Sanık Ayfer UZUN(4); “Bende kısım amirim Gülbeyaz KARASU isimli şahsın talimatları doğrultusunda ihale dosyalarının yazışmalarını yaparak ve teklif veren firmaların da teklif mektuplarını dosyaya ekleyerek onaya sunardım. Ben teklif mektubu veren firmaların sadece vermiş oldukları teklif kağıtlarını görürdüm. Bu firmaların belgelerini ve yetkililerini görmezdim. Bu yüzden bu firmaların belgelerinin sahte olup olmadığını bilemiyorum. … amirlerimden gelen talimatların ve belgelerin içeriklerini sorgulamadan ne yapılması gerekiyorsa onu yapardım”
Sanık Vatan TEKTAŞ(5); “Gülbeyaz KARASU ya ismimin neden ihale dosyasına açıldığını sorduğumda; sen de bizim personelimizsin, herhangi bir sakıncası olmadığını belediye ye ihtiyaç ve kırtasiye malzemeleri alımı ile alakalı olduğunu söylerdi … ÖE-6-11-14-26-40-45-54-69 kodları ile numaralandırılan ve bana göstermiş olduğunuz ödeme emri dosyalarından bazılarında fiyat araştırma komisyonu üyesi ve ürün muayene ve kontrol komisyonu üyesi olarak görev aldığım görülmekte ise de ben kesinlikle herhangi bir ihalenin hiçbir aşamasında bulunmadım. Yine ödeme emri dosyasında isimleri geçen firmalardan fiyat araştırması yapmış gibi görünsem de kesinlikle böyle bir araştırma yapmadım, herhangi bir firmaya gitmedim. … Belirtilen tutanaklarda bulunan imzaların bir iki tanesi bana ait ancak diğerleri tamamen benzetilmek sureti ile benim adıma atılmış imzalardır. Orhanlı Belediyesi bünyesinde tüm kırtasiye malzeme alımı işleri ile yetkili Yazı işleri müdürü Gülbeyaz KARASU isimli şahıstır. …faturalardaki ürünlerin belediye birimleri teslim edilip edilmediği konusunda bir bilgim yoktur. bu ürünlerin alınıp alınmadığı hakkında da herhangi bir bilgim bulunmamaktadır. … …. Görevlendirme yazısı tamamen Gülbeyaz KARASU tarafından bilgim dışında tanzim edilmiştir bu belge üzerinde de zaten imzam bulunmamaktadır. Doğrudan mal alımı için yapılan kırtasiye malzemesi alımı ile ilgili yapılan eylemin hiçbir aşamasında bilinçli bir şekilde görev almadım. İsmi geçen Nurcan EKŞİ isimli şahıs ta benim gibi belediye de görev yapan bir şahıstır. kendisi ile fiyat araştırması yapmış değilim.”

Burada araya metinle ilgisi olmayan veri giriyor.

(* For every choice of parameters, the Data Revocation Game has at least one pure-strategy Nash equilibrium. Moreover, there exist parameter choices for which it has more than one pure-strategy Nash equilibrium.
   Context: Data Revocation Game: a finite set of users $\mathcal I=\{1,\dots,I\}$, $I\ge 2$. Each user $i$ has parameters $d_i^{\max}>0$, $\epsilon_i>0$, $\xi_i>0$, $\ell_i>0$, $\theta_i\ge 0$. Each user chooses $d_i\in[0,d_i^{\max}]$. Payoff $$U_i(d_i,\boldsymbol{d_{-i}})=\ln\Big(\sum_{j\in\mathcal I}d_j+\epsilon_i\Big)-\xi_i d_i\ell_i-\theta_i d_i\sum_{j\neq i}\Big(1-\frac{d_j}{d_j^{\max}}\Big)\ell_j^2 .$$ A Nash equilibrium is a profile $(d_i^* )$ with $d_i^*\in[0,d_i^{\max}]$ and $U_i(d_i^*,\boldsymbol{d_{-i}^*})\ge U_i(d_i,\boldsymbol{d_{-i}^*})$ for all $i$ and all $d_i\in[0,d_i^{\max}]$. *)

theory Defs
  imports Complex_Main
begin

text \<open>Users are indexed by 0..<n (n = I). A strategy profile is d :: nat => real;
  only the values at indices < n matter.\<close>

definition valid_params ::
  "nat \<Rightarrow> (nat \<Rightarrow> real) \<Rightarrow> (nat \<Rightarrow> real) \<Rightarrow> (nat \<Rightarrow> real) \<Rightarrow> (nat \<Rightarrow> real) \<Rightarrow> (nat \<Rightarrow> real) \<Rightarrow> bool"
  where "valid_params n dmax eps xi ell theta \<longleftrightarrow>
    (\<forall>i<n. dmax i > 0 \<and> eps i > 0 \<and> xi i > 0 \<and> ell i > 0 \<and> theta i \<ge> 0)"

definition payoff ::
  "nat \<Rightarrow> (nat \<Rightarrow> real) \<Rightarrow> (nat \<Rightarrow> real) \<Rightarrow> (nat \<Rightarrow> real) \<Rightarrow> (nat \<Rightarrow> real) \<Rightarrow> (nat \<Rightarrow> real)
   \<Rightarrow> nat \<Rightarrow> (nat \<Rightarrow> real) \<Rightarrow> real"
  where "payoff n dmax eps xi ell theta i d =
    ln ((\<Sum>j<n. d j) + eps i) - xi i * d i * ell i
    - theta i * d i * (\<Sum>j\<in>{..<n} - {i}. (1 - d j / dmax j) * (ell j)\<^sup>2)"

definition nash_eq ::
  "nat \<Rightarrow> (nat \<Rightarrow> real) \<Rightarrow> (nat \<Rightarrow> real) \<Rightarrow> (nat \<Rightarrow> real) \<Rightarrow> (nat \<Rightarrow> real) \<Rightarrow> (nat \<Rightarrow> real)
   \<Rightarrow> (nat \<Rightarrow> real) \<Rightarrow> bool"
  where "nash_eq n dmax eps xi ell theta d \<longleftrightarrow>
    (\<forall>i<n. d i \<in> {0..dmax i}) \<and>
    (\<forall>i<n. \<forall>x\<in>{0..dmax i}.
        payoff n dmax eps xi ell theta i d \<ge> payoff n dmax eps xi ell theta i (d(i := x)))"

Sanık Emine KUMRAL ÇAVUŞ(6); “Ben bu belgeler üzerindeki imzaları amirim Nurettin YAZAR isimli şahsın emri ile attım. Belge içeriklerini tam olarak bilmiyorum. … formalite icabı belgelere imza attım ancak piyasa araştırması yapmadım. Yapılan piyasa araştırmaları kâğıt üzerinde yapılırdı ve ben de hazırlanan belgeyi imzalardım.”
Sanık Necati BAŞ(7); “Bahse konu imzalar bana aittir. Ben dediğim gibi fiyat araştırması komisyonunda ve Muayene Kontrol komisyonun görev aldım. Ben hiçbir zaman fiyat araştırması ve belediyeye alınan malzemelerin kontrolü yaparak teslim almadım. Ben adımın yazılı olduğu belgeyi Emine KUMRAL ÇAVUŞ ve birim amirimiz olan Nurettin YAZAR isimli şahıslar getiriyorlardı bana imzalamamı söylüyorlardı, ben de gerekli yerleri imzalıyordum. Bu şekilde birçok evrak imzaladım, ama bu evrakların ne olduğuna bakmadım. …Bu yapmış olarak gözüken fiyat araştırmalar neticesinde alınan malzemelerin alıp alınmadığını bilmiyorum.”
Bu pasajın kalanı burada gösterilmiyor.